Stored data:
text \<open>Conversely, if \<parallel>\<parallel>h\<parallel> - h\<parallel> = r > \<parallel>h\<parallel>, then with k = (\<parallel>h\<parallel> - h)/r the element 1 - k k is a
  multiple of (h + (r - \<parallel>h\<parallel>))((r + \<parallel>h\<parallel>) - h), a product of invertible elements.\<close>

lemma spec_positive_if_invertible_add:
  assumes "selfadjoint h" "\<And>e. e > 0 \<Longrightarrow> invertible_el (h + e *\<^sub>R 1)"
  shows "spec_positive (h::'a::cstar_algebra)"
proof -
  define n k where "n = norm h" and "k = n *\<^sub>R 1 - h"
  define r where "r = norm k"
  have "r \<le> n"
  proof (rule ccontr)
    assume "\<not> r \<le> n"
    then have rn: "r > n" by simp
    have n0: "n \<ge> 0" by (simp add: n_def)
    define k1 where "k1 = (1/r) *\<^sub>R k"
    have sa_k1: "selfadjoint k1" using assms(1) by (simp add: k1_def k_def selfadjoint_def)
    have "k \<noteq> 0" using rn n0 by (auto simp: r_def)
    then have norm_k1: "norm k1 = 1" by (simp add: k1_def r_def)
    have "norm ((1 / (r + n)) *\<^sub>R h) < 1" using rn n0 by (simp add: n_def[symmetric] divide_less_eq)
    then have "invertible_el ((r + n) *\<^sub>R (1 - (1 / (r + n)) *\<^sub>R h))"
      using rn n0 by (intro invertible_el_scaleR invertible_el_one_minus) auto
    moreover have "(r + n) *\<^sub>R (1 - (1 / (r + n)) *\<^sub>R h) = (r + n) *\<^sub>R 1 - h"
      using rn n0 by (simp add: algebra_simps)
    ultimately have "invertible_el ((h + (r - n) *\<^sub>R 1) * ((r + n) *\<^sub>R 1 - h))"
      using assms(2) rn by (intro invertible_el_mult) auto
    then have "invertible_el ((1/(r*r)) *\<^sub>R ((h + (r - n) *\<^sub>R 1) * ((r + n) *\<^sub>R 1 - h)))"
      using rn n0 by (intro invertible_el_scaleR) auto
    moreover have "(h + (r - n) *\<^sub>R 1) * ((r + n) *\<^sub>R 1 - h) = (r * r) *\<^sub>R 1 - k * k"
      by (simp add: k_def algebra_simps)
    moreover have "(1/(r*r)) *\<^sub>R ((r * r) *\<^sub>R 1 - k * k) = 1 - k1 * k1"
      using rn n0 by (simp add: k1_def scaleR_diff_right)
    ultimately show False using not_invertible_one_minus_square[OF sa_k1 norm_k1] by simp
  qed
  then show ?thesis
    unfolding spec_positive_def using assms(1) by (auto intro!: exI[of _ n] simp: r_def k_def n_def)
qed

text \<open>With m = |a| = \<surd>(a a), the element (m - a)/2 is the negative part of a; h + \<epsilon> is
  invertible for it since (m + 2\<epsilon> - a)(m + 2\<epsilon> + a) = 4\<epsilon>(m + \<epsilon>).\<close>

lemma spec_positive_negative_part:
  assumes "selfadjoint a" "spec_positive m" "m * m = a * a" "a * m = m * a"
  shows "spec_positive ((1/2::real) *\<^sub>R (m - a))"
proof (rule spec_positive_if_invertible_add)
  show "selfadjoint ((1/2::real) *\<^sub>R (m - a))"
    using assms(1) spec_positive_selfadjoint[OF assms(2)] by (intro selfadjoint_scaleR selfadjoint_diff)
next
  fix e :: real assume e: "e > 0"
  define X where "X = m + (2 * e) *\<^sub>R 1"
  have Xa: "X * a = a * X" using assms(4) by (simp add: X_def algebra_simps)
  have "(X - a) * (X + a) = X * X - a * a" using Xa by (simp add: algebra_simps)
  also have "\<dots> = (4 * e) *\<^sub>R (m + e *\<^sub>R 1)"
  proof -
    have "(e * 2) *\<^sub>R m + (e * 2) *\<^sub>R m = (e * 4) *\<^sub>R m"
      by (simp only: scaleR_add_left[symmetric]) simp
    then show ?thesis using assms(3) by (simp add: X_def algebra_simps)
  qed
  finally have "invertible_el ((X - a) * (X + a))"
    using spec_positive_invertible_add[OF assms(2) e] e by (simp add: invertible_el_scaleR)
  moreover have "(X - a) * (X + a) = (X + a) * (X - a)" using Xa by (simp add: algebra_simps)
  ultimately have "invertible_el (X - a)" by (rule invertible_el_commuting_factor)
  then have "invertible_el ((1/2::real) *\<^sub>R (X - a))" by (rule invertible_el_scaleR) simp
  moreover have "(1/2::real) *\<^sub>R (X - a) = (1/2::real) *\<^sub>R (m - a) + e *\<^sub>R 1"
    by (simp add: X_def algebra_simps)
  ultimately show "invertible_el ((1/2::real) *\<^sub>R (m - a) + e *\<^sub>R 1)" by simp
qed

PROBLEM STATEMENT: Please reproduce the lines from the line with "define r where" to the line with "define k1 where", both ends included, exactly as they appear above.

FINISHED EXERCISE:
  define r where "r = norm k"
  have "r \<le> n"
  proof (rule ccontr)
    assume "\<not> r \<le> n"
    then have rn: "r > n" by simp
    have n0: "n \<ge> 0" by (simp add: n_def)
    define k1 where "k1 = (1/r) *\<^sub>R k"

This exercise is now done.